ACTION ITEM: In the material below, some lines carry "only". Copy each such line.

TASK INPUT:
lemma optimal_value_Suc_greedy:
  assumes "density_with_mean lam p1 \<theta>" "density_with_mean lam p2 \<theta>" and "greedy_policy g"
    and "0 \<le> fst \<xi>" "0 \<le> snd \<xi>"
  shows "optimal_value lam p1 p2 (Suc n) \<xi> =
    ennreal (g t hs ha \<xi>) * action_value lam p1 p2 (optimal_value lam p1 p2 n) \<xi> True
    + ennreal (1 - g t hs ha \<xi>) * action_value lam p1 p2 (optimal_value lam p1 p2 n) \<xi> False"
proof -
  obtain a b where \<xi>: "\<xi> = (a, b)" by force
  have "admissible_policy g" and greedy: "a < b \<Longrightarrow> g t hs ha \<xi> = 1" "b < a \<Longrightarrow> g t hs ha \<xi> = 0"
    using assms(3) \<xi> unfolding greedy_policy_def by auto
  then have "0 \<le> g t hs ha \<xi>" "g t hs ha \<xi> \<le> 1"
    unfolding admissible_policy_def by blast+
  note read_first = optimal_value_Suc_read_first[OF assms(1,2)]
    and read_second = optimal_value_Suc_read_second[OF assms(1,2)]
  consider "a < b" | "b < a" | "a = b" by fastforce
  then show ?thesis
  proof cases
    case 3
    then have "action_value lam p1 p2 (optimal_value lam p1 p2 n) \<xi> True
        = action_value lam p1 p2 (optimal_value lam p1 p2 n) \<xi> False"
      using read_first[of a b n] read_second[of b a n] assms(4) \<xi> by simp
    with \<open>0 \<le> g t hs ha \<xi>\<close> \<open>g t hs ha \<xi> \<le> 1\<close> show ?thesis
      by (simp add: \<xi> read_first assms(4) flip: distrib_right ennreal_plus)
  qed (use greedy read_first read_second assms(4,5) \<xi> in auto)
qed

lemma optimal_value_le_greedy_val:
  assumes "density_with_mean lam p1 \<theta>" "density_with_mean lam p2 \<theta>" and "greedy_policy g"
  shows "0 \<le> fst \<xi> \<Longrightarrow> 0 \<le> snd \<xi> \<Longrightarrow> optimal_value lam p1 p2 n \<xi> \<le> val lam p1 p2 g n t hs ha \<xi>"
proof (induction n arbitrary: t hs ha \<xi>)
  case (Suc n)
  then show ?case
    unfolding optimal_value_Suc_greedy[OF assms Suc.prems, where t = t and hs = hs and ha = ha]
      val_Suc_action_value
    by (intro add_mono mult_left_mono action_value_mono Suc.IH) (auto simp: next_state_def)
qed simp

end

theorem theorem2p1:
  fixes lam :: "real measure" and p1 p2 :: "real \<Rightarrow> real" and \<theta> :: real
    and g :: policy and N :: nat and \<xi>0 :: state
  assumes "sets lam = sets borel" and "sigma_finite_measure lam"
    and "\<theta> \<ge> 0"
    and "density_with_mean lam p1 \<theta>" and "density_with_mean lam p2 \<theta>"
    and "greedy_policy g"
    and "N \<ge> 1" and "fst \<xi>0 \<ge> 0" and "snd \<xi>0 \<ge> 0"
  shows "\<forall>\<pi>. admissible_policy \<pi> \<longrightarrow>
           total_reward lam p1 p2 \<pi> N \<xi>0 \<le> total_reward lam p1 p2 g N \<xi>0"
proof (intro allI impI)
  fix \<pi> assume "admissible_policy \<pi>"
  then have "total_reward lam p1 p2 \<pi> N \<xi>0 \<le> optimal_value lam p1 p2 N \<xi>0"
    unfolding total_reward_def by (rule val_le_optimal_value)
  also have "\<dots> \<le> total_reward lam p1 p2 g N \<xi>0"
    unfolding total_reward_def using assms
    by (intro optimal_value_le_greedy_val[of lam p1 \<theta> p2 g]) auto
  finally show "total_reward lam p1 p2 \<pi> N \<xi>0 \<le> total_reward lam p1 p2 g N \<xi>0" .
qed

end
(* A finite graph $G$ is isomorphic to $\mathrm{SG}^+(P,W)$ for some finite point sets $P,W$ in the plane such that no two distinct points of $P\cup W$ have equal $x$-coordinate or equal $y$-coordinate, if and only if $G$ is a permutation graph. Moreover, every such square graph is isomorphic to $\mathrm{SG}^+(P',W')$ for some such sets with $|W'|\le 1$.
   Context: For finite point sets $P$ (vertices) and $W$ (witnesses) in $\mathbb{R}^2$ (which may share points), the square graph $\mathrm{SG}^+(P,W)$ is the graph with vertex set $P$ in which distinct $x,y\in P$ are adjacent if and only if there is an axis-aligned square with $x$ and $y$ on its boundary whose interior contains at least one point of $W$. A point $a$ dominates $b$ if $x(a)\ge x(b)$ and $y(a)\ge y(b)$. A graph $G$ is a permutation graph if there exist a finite set $S\subset\mathbb{R}^2$ with pairwise distinct $x$-coordinates and pairwise distinct $y$-coordinates and a bijection $f:V(G)\to S$ such that distinct $u,v$ are adjacent iff one of $f(u),f(v)$ dominates the other (equivalently, $G$ is the comparability graph of a partial order of dimension at most $2$). *)

theory Defs
  imports Main "HOL.Real"
begin

type_synonym point = "real \<times> real"

definition in_closed_sq :: "real \<Rightarrow> real \<Rightarrow> real \<Rightarrow> point \<Rightarrow> bool" where
  "in_closed_sq a b s p \<longleftrightarrow> a \<le> fst p \<and> fst p \<le> a + s \<and> b \<le> snd p \<and> snd p \<le> b + s"

definition in_open_sq :: "real \<Rightarrow> real \<Rightarrow> real \<Rightarrow> point \<Rightarrow> bool" where
  "in_open_sq a b s p \<longleftrightarrow> a < fst p \<and> fst p < a + s \<and> b < snd p \<and> snd p < b + s"

definition on_sq_boundary :: "real \<Rightarrow> real \<Rightarrow> real \<Rightarrow> point \<Rightarrow> bool" where
  "on_sq_boundary a b s p \<longleftrightarrow> in_closed_sq a b s p \<and> \<not> in_open_sq a b s p"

WRITTEN REPLY:
(* A finite graph $G$ is isomorphic to $\mathrm{SG}^+(P,W)$ for some finite point sets $P,W$ in the plane such that no two distinct points of $P\cup W$ have equal $x$-coordinate or equal $y$-coordinate, if and only if $G$ is a permutation graph. Moreover, every such square graph is isomorphic to $\mathrm{SG}^+(P',W')$ for some such sets with $|W'|\le 1$.
   Context: For finite point sets $P$ (vertices) and $W$ (witnesses) in $\mathbb{R}^2$ (which may share points), the square graph $\mathrm{SG}^+(P,W)$ is the graph with vertex set $P$ in which distinct $x,y\in P$ are adjacent if and only if there is an axis-aligned square with $x$ and $y$ on its boundary whose interior contains at least one point of $W$. A point $a$ dominates $b$ if $x(a)\ge x(b)$ and $y(a)\ge y(b)$. A graph $G$ is a permutation graph if there exist a finite set $S\subset\mathbb{R}^2$ with pairwise distinct $x$-coordinates and pairwise distinct $y$-coordinates and a bijection $f:V(G)\to S$ such that distinct $u,v$ are adjacent iff one of $f(u),f(v)$ dominates the other (equivalently, $G$ is the comparability graph of a partial order of dimension at most $2$). *)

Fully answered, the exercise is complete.